(* In the restricted cut-and-choose setting described in the context (Protocol 1), assume the expected number of test rounds satisfies $N\ge 1$. Let $\varepsilon_H,\varepsilon_D\ge 0$ be such that, for the client input $\psi=|+\rangle\langle+|^{\otimes k}$ and unitary $U=\mathbb{1}_{\mathcal{X}}$, $$F(\rho_H,|+\rangle\langle+|^{\otimes k})\ge 1-\varepsilon_H$$ and, for every $\alpha\in\mathbb{R}$ (with the attack placement fixed as either before or after the delegated unitary), $$\max_{p\in[0,1]}F\big(\rho_D^\alpha,\;p|+\rangle\langle+|^{\otimes k}+(1-p)|\bot\rangle\langle\bot|\big)\ge 1-\varepsilon_D .$$ (These hold in particular whenever the protocol is $\varepsilon_H$-correct and $\varepsilon_D$-secure in the sense of the fidelity-based definition in the context, since the phase attacks are admissible server attacks.) Then $\varepsilon_H+\varepsilon_D\ge \frac{1}{7N}$.
   Context: Restricted cut-and-choose setting. Fix $k\ge 1$, $\mathcal{X}=\mathbb{C}^{2^k}$, $P(\alpha)=\mathrm{diag}(1,e^{i\alpha})$, $A_\alpha=\mathbb{1}_2^{\otimes(k-1)}\otimes P(\alpha)$, $|+\rangle=(|0\rangle+|1\rangle)/\sqrt2$, $|+_\alpha\rangle=(|0\rangle+e^{i\alpha}|1\rangle)/\sqrt2$. Let $\Omega$ be a probability distribution on $\mathbb{N}=\{0,1,\dots\}$ (number $n$ of test rounds) with finite mean $N=\sum_n n\Omega(n)$. For each $n$ and $i\in\{1,\dots,n+1\}$ there are a test unitary $T_{n,i}\in\mathrm{U}(\mathcal{X})$ and a test input unit vector $|\chi_{n,i}\rangle\in\mathcal{X}$, and for each $n$ an operator $0\le\mu_{k,n}\le\mathbb{1}$ on $\mathcal{X}^{\otimes n}$ (accept outcome). The output round $\ell$ is uniform on $\{1,\dots,n+1\}$, rounds $i\neq\ell$ are test rounds; after all rounds the client measures the $n$ test outputs with $\{\mu_{k,n},\mathbb{1}-\mu_{k,n}\}$, outputs the computation-round output on acceptance and $|\bot\rangle$ otherwise, where $|\bot\rangle$ is a unit vector orthogonal to $\mathcal{X}$ (states live on $\mathcal{X}\oplus\mathbb{C}|\bot\rangle$). The phase attack with parameter $\alpha$ replaces every delegated unitary $T$ by $T^\alpha=TA_\alpha$ (for all rounds) or by $T^\alpha=A_\alpha T$ (for all rounds). Define $p^H_{n,\ell}=\mathrm{Tr}[\mu_{k,n}\bigotimes_{i\ne\ell}T_{n,i}|\chi_{n,i}\rangle\langle\chi_{n,i}|T_{n,i}^\dagger]$, $p^D_{n,\ell}$ the same with $T_{n,i}$ replaced by $T^\alpha_{n,i}$, $p_H=\sum_n\frac{\Omega(n)}{n+1}\sum_{\ell=1}^{n+1}p^H_{n,\ell}$, $p^\alpha_D=\sum_n\frac{\Omega(n)}{n+1}\sum_{\ell=1}^{n+1}p^D_{n,\ell}$. For input $|+\rangle\langle+|^{\otimes k}$ and $U=\mathbb{1}$, the client's output states are $\rho_H=p_H|+\rangle\langle+|^{\otimes k}+(1-p_H)|\bot\rangle\langle\bot|$ (honest server) and $\rho^\alpha_D=p^\alpha_D|+\rangle\langle+|^{\otimes (k-1)}\otimes|+_\alpha\rangle\langle+_\alpha|+(1-p^\alpha_D)|\bot\rangle\langle\bot|$ (phase attack). Fidelity: $F(\rho,\sigma)=\big(\mathrm{Tr}\sqrt{\sqrt\rho\,\sigma\sqrt\rho}\big)^2$. Fidelity-based definition: a protocol is $\varepsilon_H$-correct and $\varepsilon_D$-secure if for every input $\psi$ and unitary $U$, the honest output $\rho_H$ satisfies $F(\rho_H,U\psi U^\dagger)\ge1-\varepsilon_H$, and for every server attack the output $\rho_D$ satisfies $\max_{p\in[0,1]}F(\rho_D,pU\psi U^\dagger+(1-p)|\bot\rangle\langle\bot|)\ge1-\varepsilon_D$. *)

theory Defs
  imports Complex_Main "Jordan_Normal_Form.Matrix"
begin

definition dag :: "complex mat \<Rightarrow> complex mat" where
  "dag A = mat (dim_col A) (dim_row A) (\<lambda>(i,j). cnj (A $$ (j,i)))"

definition mtrace :: "complex mat \<Rightarrow> complex" where
  "mtrace A = (\<Sum>i<dim_row A. A $$ (i,i))"

definition cinner :: "complex vec \<Rightarrow> complex vec \<Rightarrow> complex" where
  "cinner v w = (\<Sum>i<dim_vec v. cnj (v $ i) * w $ i)"

definition is_unitary :: "nat \<Rightarrow> complex mat \<Rightarrow> bool" where
  "is_unitary d U \<longleftrightarrow> U \<in> carrier_mat d d \<and> dag U * U = 1\<^sub>m d \<and> U * dag U = 1\<^sub>m d"

definition is_unit_vec :: "nat \<Rightarrow> complex vec \<Rightarrow> bool" where
  "is_unit_vec d v \<longleftrightarrow> v \<in> carrier_vec d \<and> cinner v v = 1"

definition psd :: "nat \<Rightarrow> complex mat \<Rightarrow> bool" where
  "psd d A \<longleftrightarrow> A \<in> carrier_mat d d \<and> dag A = A \<and>
     (\<forall>v \<in> carrier_vec d. Im (cinner v (A *\<^sub>v v)) = 0 \<and> Re (cinner v (A *\<^sub>v v)) \<ge> 0)"

definition effect :: "nat \<Rightarrow> complex mat \<Rightarrow> bool" where
  "effect d M \<longleftrightarrow> psd d M \<and> psd d (1\<^sub>m d - M)"

definition sqrtm :: "complex mat \<Rightarrow> complex mat" where
  "sqrtm A = (THE B. psd (dim_row A) B \<and> B * B = A)"

definition fidelity :: "complex mat \<Rightarrow> complex mat \<Rightarrow> real" where
  "fidelity \<rho> \<sigma> = (Re (mtrace (sqrtm (sqrtm \<rho> * \<sigma> * sqrtm \<rho>))))\<^sup>2"

definition ketbra :: "complex vec \<Rightarrow> complex mat" where
  "ketbra v = mat (dim_vec v) (dim_vec v) (\<lambda>(i,j). v $ i * cnj (v $ j))"

text \<open>Kronecker (tensor) product; index i of A \<otimes> B is (i div dim B, i mod dim B)\<close>
definition kron :: "complex mat \<Rightarrow> complex mat \<Rightarrow> complex mat" where
  "kron A B = mat (dim_row A * dim_row B) (dim_col A * dim_col B)
     (\<lambda>(i,j). A $$ (i div dim_row B, j div dim_col B) * B $$ (i mod dim_row B, j mod dim_col B))"

definition kron_list :: "complex mat list \<Rightarrow> complex mat" where
  "kron_list As = foldr kron As (1\<^sub>m 1)"

definition Pgate :: "real \<Rightarrow> complex mat" where
  "Pgate \<alpha> = mat 2 2 (\<lambda>(i,j). if i = j then (if i = 0 then 1 else cis \<alpha>) else 0)"

definition Aphase :: "nat \<Rightarrow> real \<Rightarrow> complex mat" where
  "Aphase k \<alpha> = kron (1\<^sub>m (2^(k-1))) (Pgate \<alpha>)"

definition plus_a :: "real \<Rightarrow> complex vec" where
  "plus_a \<alpha> = vec 2 (\<lambda>i. if i = 0 then 1 / sqrt 2 else cis \<alpha> / sqrt 2)"

definition plus_k :: "nat \<Rightarrow> complex mat" where
  "plus_k k = kron_list (replicate k (ketbra (plus_a 0)))"

definition plus_k_alpha :: "nat \<Rightarrow> real \<Rightarrow> complex mat" where
  "plus_k_alpha k \<alpha> = kron (kron_list (replicate (k-1) (ketbra (plus_a 0)))) (ketbra (plus_a \<alpha>))"

text \<open>States on X \<oplus> C|bot>, dim X = 2^k; |bot> is the last basis vector (index 2^k).
  ext_state k \<rho> embeds an operator on X as the upper-left block.\<close>
definition ext_state :: "nat \<Rightarrow> complex mat \<Rightarrow> complex mat" where
  "ext_state k \<rho> = mat (2^k + 1) (2^k + 1)
     (\<lambda>(i,j). if i < 2^k \<and> j < 2^k then \<rho> $$ (i,j) else 0)"

definition bot_state :: "nat \<Rightarrow> complex mat" where
  "bot_state k = ketbra (unit_vec (2^k + 1) (2^k))"

definition mix_bot :: "nat \<Rightarrow> real \<Rightarrow> complex mat \<Rightarrow> complex mat" where
  "mix_bot k p \<rho> = complex_of_real p \<cdot>\<^sub>m ext_state k \<rho> + complex_of_real (1 - p) \<cdot>\<^sub>m bot_state k"

definition accept_prob ::
  "complex mat \<Rightarrow> (nat \<Rightarrow> complex mat) \<Rightarrow> (nat \<Rightarrow> complex vec) \<Rightarrow> nat \<Rightarrow> nat \<Rightarrow> real" where
  "accept_prob \<mu> T \<chi> n l = Re (mtrace (\<mu> * kron_list
      (map (\<lambda>i. T i * ketbra (\<chi> i) * dag (T i)) (filter (\<lambda>i. i \<noteq> l) [1..<n+2]))))"

definition avg_accept ::
  "(nat \<Rightarrow> real) \<Rightarrow> (nat \<Rightarrow> complex mat) \<Rightarrow> (nat \<Rightarrow> nat \<Rightarrow> complex mat) \<Rightarrow> (nat \<Rightarrow> nat \<Rightarrow> complex vec) \<Rightarrow> real" where
  "avg_accept \<Omega> \<mu> T \<chi> = (\<Sum>n. \<Omega> n / real (n+1) * (\<Sum>l\<in>{1..n+1}. accept_prob (\<mu> n) (T n) (\<chi> n) n l))"

definition attacked :: "nat \<Rightarrow> bool \<Rightarrow> real \<Rightarrow> complex mat \<Rightarrow> complex mat" where
  "attacked k before \<alpha> T = (if before then T * Aphase k \<alpha> else Aphase k \<alpha> * T)"

end

theory Submission
  imports Defs
begin

(* Both output states have the form q |x><x| + (1 - q) |bot><bot| with x orthogonal to |bot>, and
  the fidelity of two such states is (sqrt (q p) |<x|y>| + sqrt ((1 - q) (1 - p)))^2.  Hence the
  honest fidelity equals p_H, while under the phase attack with cos(alpha/2) = c the fidelity is
  at most 1 - p_D (1 - c^2), whatever p the client compares with.

  On a single test round the attack moves the test output by overlap at least c, so on the n test
  rounds jointly by overlap at least c^n >= 1 - n (1 - c).  For an effect mu and unit vectors P, F
  one has 1 - <F|mu|F> <= 4 (1 - <P|mu|P>) + 8/3 (1 - |<P|F>|), and averaging over n and the
  output round gives p_D >= 4 p_H - 3 - 8/3 (1 - c) N.  With 1 - c = 3/(20 N) these two estimates
  force eps_H + eps_D >= 1/(7 N). *)

lemma mult_mat_vec_nth:
  "A \<in> carrier_mat m n \<Longrightarrow> v \<in> carrier_vec n \<Longrightarrow> i < m \<Longrightarrow> (A *\<^sub>v v) $ i = (\<Sum>j<n. A $$ (i,j) * v $ j)"
  by (auto simp: scalar_prod_def atLeast0LessThan intro!: sum.cong)

lemma cinner_add_right:
  "a \<in> carrier_vec n \<Longrightarrow> b \<in> carrier_vec n \<Longrightarrow> c \<in> carrier_vec n \<Longrightarrow>
   cinner a (b + c) = cinner a b + cinner a c"
  unfolding cinner_def by (auto simp: sum.distrib ring_distribs)

lemma cinner_add_left:
  "a \<in> carrier_vec n \<Longrightarrow> b \<in> carrier_vec n \<Longrightarrow> c \<in> carrier_vec n \<Longrightarrow>
   cinner (a + b) c = cinner a c + cinner b c"
  unfolding cinner_def by (auto simp: sum.distrib ring_distribs)

lemma cinner_diff_right:
  "a \<in> carrier_vec n \<Longrightarrow> b \<in> carrier_vec n \<Longrightarrow> c \<in> carrier_vec n \<Longrightarrow>
   cinner a (b - c) = cinner a b - cinner a c"
  unfolding cinner_def by (auto simp: sum_subtractf ring_distribs)

lemma cinner_diff_left:
  "a \<in> carrier_vec n \<Longrightarrow> b \<in> carrier_vec n \<Longrightarrow> c \<in> carrier_vec n \<Longrightarrow>
   cinner (a - b) c = cinner a c - cinner b c"
  unfolding cinner_def by (auto simp: sum_subtractf ring_distribs)

lemma cinner_smult_right:
  "a \<in> carrier_vec n \<Longrightarrow> b \<in> carrier_vec n \<Longrightarrow> cinner a (s \<cdot>\<^sub>v b) = s * cinner a b"
  unfolding cinner_def by (auto simp: sum_distrib_left algebra_simps)

lemma cinner_smult_left:
  "a \<in> carrier_vec n \<Longrightarrow> b \<in> carrier_vec n \<Longrightarrow> cinner (s \<cdot>\<^sub>v a) b = cnj s * cinner a b"
  unfolding cinner_def by (auto simp: sum_distrib_left algebra_simps)

lemma cinner_commute:
  "a \<in> carrier_vec n \<Longrightarrow> b \<in> carrier_vec n \<Longrightarrow> cinner b a = cnj (cinner a b)"
  unfolding cinner_def by (auto simp: mult.commute)

lemma mult_cnj_eq_cmod_square: "z * cnj z = complex_of_real ((cmod z)\<^sup>2)"
  using complex_norm_square[of z] by simp

lemma cinner_self: "cinner a a = complex_of_real (\<Sum>i<dim_vec a. (cmod (a $ i))\<^sup>2)"
  unfolding cinner_def of_real_sum complex_norm_square by (simp add: mult.commute)

lemma cinner_self_nonneg: "Re (cinner a a) \<ge> 0" "Im (cinner a a) = 0"
  by (auto simp: cinner_self intro: sum_nonneg)

lemma cinner_self_eq_0: assumes "cinner a a = 0" shows "a = 0\<^sub>v (dim_vec a)"
proof -
  have "(\<Sum>i<dim_vec a. (cmod (a $ i))\<^sup>2) = 0" using assms by (simp only: cinner_self of_real_eq_0_iff)
  then have "\<forall>i\<in>{..<dim_vec a}. (cmod (a $ i))\<^sup>2 = 0"
    by (subst sum_nonneg_eq_0_iff[symmetric]) auto
  then show ?thesis by (auto intro!: eq_vecI)
qed

lemma dag_carrier: "A \<in> carrier_mat m n \<Longrightarrow> dag A \<in> carrier_mat n m"
  by (auto simp: dag_def)

lemma dag_dag: "A \<in> carrier_mat m n \<Longrightarrow> dag (dag A) = A"
  by (rule eq_matI) (auto simp: dag_def)

lemma cinner_mult_mat_vec_dag:
  assumes "M \<in> carrier_mat m m" "v \<in> carrier_vec m" "w \<in> carrier_vec m"
  shows "cinner v (M *\<^sub>v w) = cinner (dag M *\<^sub>v v) w"
proof -
  have dM: "dag M \<in> carrier_mat m m" using assms(1) by (rule dag_carrier)
  have "cinner v (M *\<^sub>v w) = (\<Sum>i<m. \<Sum>j<m. cnj (v$i) * M $$ (i,j) * w $ j)"
    unfolding cinner_def using assms
    by (auto simp: mult_mat_vec_nth sum_distrib_left mult.assoc simp del: index_mult_mat_vec
        intro!: sum.cong)
  also have "\<dots> = (\<Sum>j<m. \<Sum>i<m. cnj (v$i) * M $$ (i,j) * w $ j)" by (rule sum.swap)
  also have "\<dots> = cinner (dag M *\<^sub>v v) w"
  proof -
    have "\<And>j. j < m \<Longrightarrow> (dag M *\<^sub>v v) $ j = (\<Sum>i<m. cnj (M $$ (i,j)) * v $ i)"
      using mult_mat_vec_nth[OF dM assms(2)] assms by (simp add: dag_def)
    then show ?thesis unfolding cinner_def using assms dM
      by (auto simp: sum_distrib_right sum_distrib_left mult.commute mult.left_commute
          simp del: index_mult_mat_vec intro!: sum.cong)
  qed
  finally show ?thesis .
qed
lemma convex_on_Icc_iff_Ioo:
  fixes f :: "real \<Rightarrow> real"
  assumes "a < b" and f: "continuous_on {a..b} f"
  shows "convex_on {a..b} f \<longleftrightarrow> convex_on {a<..<b} f"
proof
  assume "convex_on {a..b} f"
  then show "convex_on {a<..<b} f" by (rule convex_on_subset) auto
next
  assume f_Ioo: "convex_on {a<..<b} f"
  show "convex_on {a..b} f"
  proof (rule convex_onI[OF _ convex_real_interval(5)])
    fix t x y :: real
    assume t: "0 < t" "t < 1" and x: "x \<in> {a..b}" and y: "y \<in> {a..b}"
    \<comment> \<open>the affine contraction T e towards the midpoint maps {a..b} into {a<..<b};
      let it tend to the identity\<close>
    define m where "m = (a + b) / 2"
    define T where "T e z = (1 - e) * z + e * m" for e z :: real
    have T_Ioo: "T e z \<in> {a<..<b}" if "0 < e" "e \<le> 1" "z \<in> {a..b}" for e z
    proof -
      have "(1 - e) * a \<le> (1 - e) * z" "(1 - e) * z \<le> (1 - e) * b" "e * a < e * m" "e * m < e * b"
        using that \<open>a < b\<close> by (auto intro!: mult_left_mono simp: m_def)
      then show ?thesis by (auto simp: T_def algebra_simps)
    qed
    have T_Icc: "T e z \<in> {a..b}" if "0 \<le> e" "e \<le> 1" "z \<in> {a..b}" for e z
      using T_Ioo[of e z] that by (cases "e = 0") (auto simp: T_def)
    let ?z = "(1 - t) * x + t * y"
    have z: "?z \<in> {a..b}" using convex_real_interval(5)[of a b] x y t unfolding convex_alt by simp
    have T_comb: "T e ?z = (1 - t) * T e x + t * T e y" for e by (simp add: T_def algebra_simps)
    define h where "h e = (1 - t) * f (T e x) + t * f (T e y) - f (T e ?z)" for e
    have "continuous_on {0..1} h"
      unfolding h_def T_def using x y z T_Icc
      by (intro continuous_intros continuous_on_compose2[OF f]) (auto simp: T_def)
    then have "(h \<longlongrightarrow> h 0) (at_right 0)" by (rule continuous_on_Icc_at_rightD) simp
    moreover have "eventually (\<lambda>e. 0 \<le> h e) (at_right 0)"
      using eventually_at_right_real[OF zero_less_one]
    proof (rule eventually_mono)
      fix e :: real assume "e \<in> {0<..<1}"
      then show "0 \<le> h e"
        using convex_onD[OF f_Ioo, of t "T e x" "T e y"] T_Ioo x y t
        by (simp add: h_def T_comb)
    qed
    ultimately have "0 \<le> h 0" by (intro tendsto_lowerbound) auto
    then show "f ((1 - t) *\<^sub>R x + t *\<^sub>R y) \<le> (1 - t) * f x + t * f y"
      by (simp add: h_def T_def)
  qed
qed

lemma concave_on_Icc_iff_Ioo:
  fixes f :: "real \<Rightarrow> real"
  assumes "a < b" and "continuous_on {a..b} f"
  shows "concave_on {a..b} f \<longleftrightarrow> concave_on {a<..<b} f"
  unfolding concave_on_def using assms by (intro convex_on_Icc_iff_Ioo continuous_intros)

lemma convex_on_diff_ident_iff:
  fixes r :: "real \<Rightarrow> real"
  shows "convex_on K (\<lambda>v. v - r v) \<longleftrightarrow> concave_on K r"
    and "concave_on K (\<lambda>v. v - r v) \<longleftrightarrow> convex_on K r"
proof -
  have ident: "convex_on K (\<lambda>v. v)" "concave_on K (\<lambda>v. v)" if "convex K"
    using that by (simp_all add: convex_on_ident concave_on_ident)
  show "convex_on K (\<lambda>v. v - r v) \<longleftrightarrow> concave_on K r"
  proof
    assume "convex_on K (\<lambda>v. v - r v)"
    from concave_on_diff[OF ident(2)[OF convex_on_imp_convex[OF this]] this]
    show "concave_on K r" by simp
  next
    assume "concave_on K r"
    from convex_on_diff[OF ident(1)[OF concave_on_imp_convex[OF this]] this]
    show "convex_on K (\<lambda>v. v - r v)" .
  qed
  show "concave_on K (\<lambda>v. v - r v) \<longleftrightarrow> convex_on K r"
  proof
    assume "concave_on K (\<lambda>v. v - r v)"
    from convex_on_diff[OF ident(1)[OF concave_on_imp_convex[OF this]] this]
    show "convex_on K r" by simp
  next
    assume "convex_on K r"
    from concave_on_diff[OF ident(2)[OF convex_on_imp_convex[OF this]] this]
    show "concave_on K (\<lambda>v. v - r v)" .
  qed
qed
lemma prime_path_if_primitive_index:
  assumes "primitive_vec m" and "sum_list (map f p) = m"
  shows "prime_path p"
  unfolding prime_path_def
proof
  assume "\<exists>q r. 2 \<le> r \<and> p = concat (replicate r q)"
  then obtain q r where r: "2 \<le> r" and p: "p = concat (replicate r q)" by blast
  have "sum_list (map f p) $ i = int r * sum_list (map f q) $ i" for i
    unfolding p by (induction r) (simp_all add: algebra_simps)
  then have "(\<chi> i. int r * sum_list (map f q) $ i) = m"
    using assms(2) by (simp add: vec_eq_iff)
  then show False using primitive_vec_multiple[OF assms(1)] r by fastforce
qed

locale periodic_graph =
  fixes V :: "'v set" and A :: "'e set" and src tgt :: "'e \<Rightarrow> 'v" and rv :: "'e \<Rightarrow> 'e"
    and tau :: "'e \<Rightarrow> int ^ 'd"
  assumes fundamental: "fundamental_graph V A src tgt rv tau"
begin

abbreviation closed :: "('e, 'v) marc list \<Rightarrow> bool" where
  "closed \<equiv> closed_path V A src tgt"

abbreviation marcs :: "('e, 'v) marc set" where
  "marcs \<equiv> Inl ` A \<union> Inr ` V"

abbreviation linked :: "('e, 'v) marc \<Rightarrow> ('e, 'v) marc \<Rightarrow> bool" where
  "linked a b \<equiv> arc_tgt tgt a = arc_src src b"

definition path_index :: "('e, 'v) marc list \<Rightarrow> int ^ 'd" where
  "path_index p = sum_list (map (arc_tau tau) p)"

definition loop_count :: "('e, 'v) marc list \<Rightarrow> nat" where
  "loop_count p = length (filter (\<lambda>a. \<not> isl a) p)"

definition add_loop :: "('e, 'v) marc list \<Rightarrow> ('e, 'v) marc list" where
  "add_loop q = Inr (arc_src src (hd q)) # q"

lemma finite_V: "finite V" and finite_A: "finite A"
  and arc_ends_in_V: "e \<in> A \<Longrightarrow> src e \<in> V \<and> tgt e \<in> V"
  using fundamental unfolding fundamental_graph_def by auto

lemma closed_path_iff_successively:
  "closed p \<longleftrightarrow> p \<noteq> [] \<and> set p \<subseteq> marcs \<and> successively linked (p @ [hd p])"
proof (cases "p = []")
  case False
  have "(p @ [hd p]) ! Suc j = p ! ((j + 1) mod length p)" if "j < length p" for j
    using False that by (cases "Suc j = length p") (auto simp: nth_append hd_conv_nth)
  then have "successively linked (p @ [hd p]) \<longleftrightarrow>
      (\<forall>j < length p. linked (p ! j) (p ! ((j + 1) mod length p)))"
    by (auto simp: successively_conv_nth nth_append)
  then show ?thesis unfolding closed_path_def by auto
qed (simp add: closed_path_def)

lemma closed_path_rotate1:
  assumes "closed (x # xs)"
  shows "closed (xs @ [x])"
proof (cases xs)
  case (Cons y ys)
  have "set (x # xs) \<subseteq> marcs" "successively linked (x # y # ys @ [x])"
    using assms unfolding Cons closed_path_iff_successively by simp_all
  then have "set (xs @ [x]) \<subseteq> marcs" "successively linked ((y # ys @ [x]) @ [y])"
    unfolding Cons by (auto simp del: append_Cons simp: successively_append_iff)
  then show ?thesis unfolding Cons closed_path_iff_successively by simp
qed (use assms in simp)

lemma closed_path_rotate: "closed p \<Longrightarrow> closed (rotate k p)"
proof (induction k)
  case (Suc k)
  then obtain x xs where "rotate k p = x # xs"
    by (metis closed_path_iff_successively list.exhaust)
  then show ?case using Suc closed_path_rotate1 by simp
qed simp

lemma path_index_rotate: "path_index (rotate k p) = path_index p"
  unfolding path_index_def by (rule sum_list_map_rotate)

lemma loop_count_rotate: "loop_count (rotate k p) = loop_count p"
  unfolding loop_count_def
  by (metis append_take_drop_id filter_append length_append add.commute rotate_drop_take)

lemma loop_count_eq_0_iff: "set p \<subseteq> marcs \<Longrightarrow> loop_count p = 0 \<longleftrightarrow> set p \<subseteq> Inl ` A"
  unfolding loop_count_def by (force simp: filter_empty_conv)

lemma path_index_filter_isl: "path_index (filter isl p) = path_index p"
proof (induction p)
  case (Cons a p)
  then show ?case by (cases a) (auto simp: path_index_def)
qed (simp add: path_index_def)

lemma closed_path_filter_isl:
  assumes "closed p" and "isl (hd p)"
  shows "closed (filter isl p)"
proof -
  have p: "p \<noteq> []" "set p \<subseteq> marcs" "successively linked (p @ [hd p])"
    using assms(1) closed_path_iff_successively by blast+
  have "linked a b" if "\<not> isl y" "linked a y" "linked y b" for a y b
    using that by (cases y) auto
  with p(3) have "successively linked (filter isl (p @ [hd p]))"
    by (rule successively_filter)
  moreover have "hd (filter isl p) = hd p" "filter isl p \<noteq> []"
    using p(1) assms(2) by (cases p; simp)+
  ultimately show ?thesis
    using p(2) assms(2) by (auto simp: closed_path_iff_successively)
qed

lemma arc_src_hd_in_V: "closed p \<Longrightarrow> arc_src src (hd p) \<in> V"
  unfolding closed_path_def using arc_ends_in_V by (cases "hd p") (auto dest!: hd_in_set)

lemma closed_path_add_loop: "closed q \<Longrightarrow> closed (add_loop q)"
  using arc_src_hd_in_V[of q]
  by (auto simp: closed_path_iff_successively add_loop_def successively_Cons successively_append_iff)

lemma add_loop_simps:
  assumes "q \<noteq> []"
  shows "path_index (add_loop q) = path_index q" "loop_count (add_loop q) = Suc (loop_count q)"
    "length (add_loop q) = Suc (length q)" "\<not> isl (hd (add_loop q))" "tl (add_loop q) = q"
  unfolding add_loop_def path_index_def loop_count_def by simp_all

lemma closed_path_tl:
  assumes "closed p" and "\<not> isl (hd p)" and "2 \<le> length p"
  shows "closed (tl p)" and "add_loop (tl p) = p"
proof -
  obtain v r where p: "p = Inr v # r" and "r \<noteq> []"
    using assms by (cases p; cases "hd p") (auto simp: Suc_le_eq)
  moreover have "set p \<subseteq> marcs" "successively linked (p @ [hd p])"
    using assms(1) closed_path_iff_successively by blast+
  ultimately show "closed (tl p)" "add_loop (tl p) = p"
    by (auto simp: closed_path_iff_successively add_loop_def successively_Cons successively_append_iff)
qed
_____
Directions for this task: From the listing above, return the lines starting at the one with "i. int r * sum_list" and ending at the one with "A \<union> Inr", both kept, exactly as they appear and nothing more.

Result of the task:
  then have "(\<chi> i. int r * sum_list (map f q) $ i) = m"
    using assms(2) by (simp add: vec_eq_iff)
  then show False using primitive_vec_multiple[OF assms(1)] r by fastforce
qed

locale periodic_graph =
  fixes V :: "'v set" and A :: "'e set" and src tgt :: "'e \<Rightarrow> 'v" and rv :: "'e \<Rightarrow> 'e"
    and tau :: "'e \<Rightarrow> int ^ 'd"
  assumes fundamental: "fundamental_graph V A src tgt rv tau"
begin

abbreviation closed :: "('e, 'v) marc list \<Rightarrow> bool" where
  "closed \<equiv> closed_path V A src tgt"

abbreviation marcs :: "('e, 'v) marc set" where
  "marcs \<equiv> Inl ` A \<union> Inr ` V"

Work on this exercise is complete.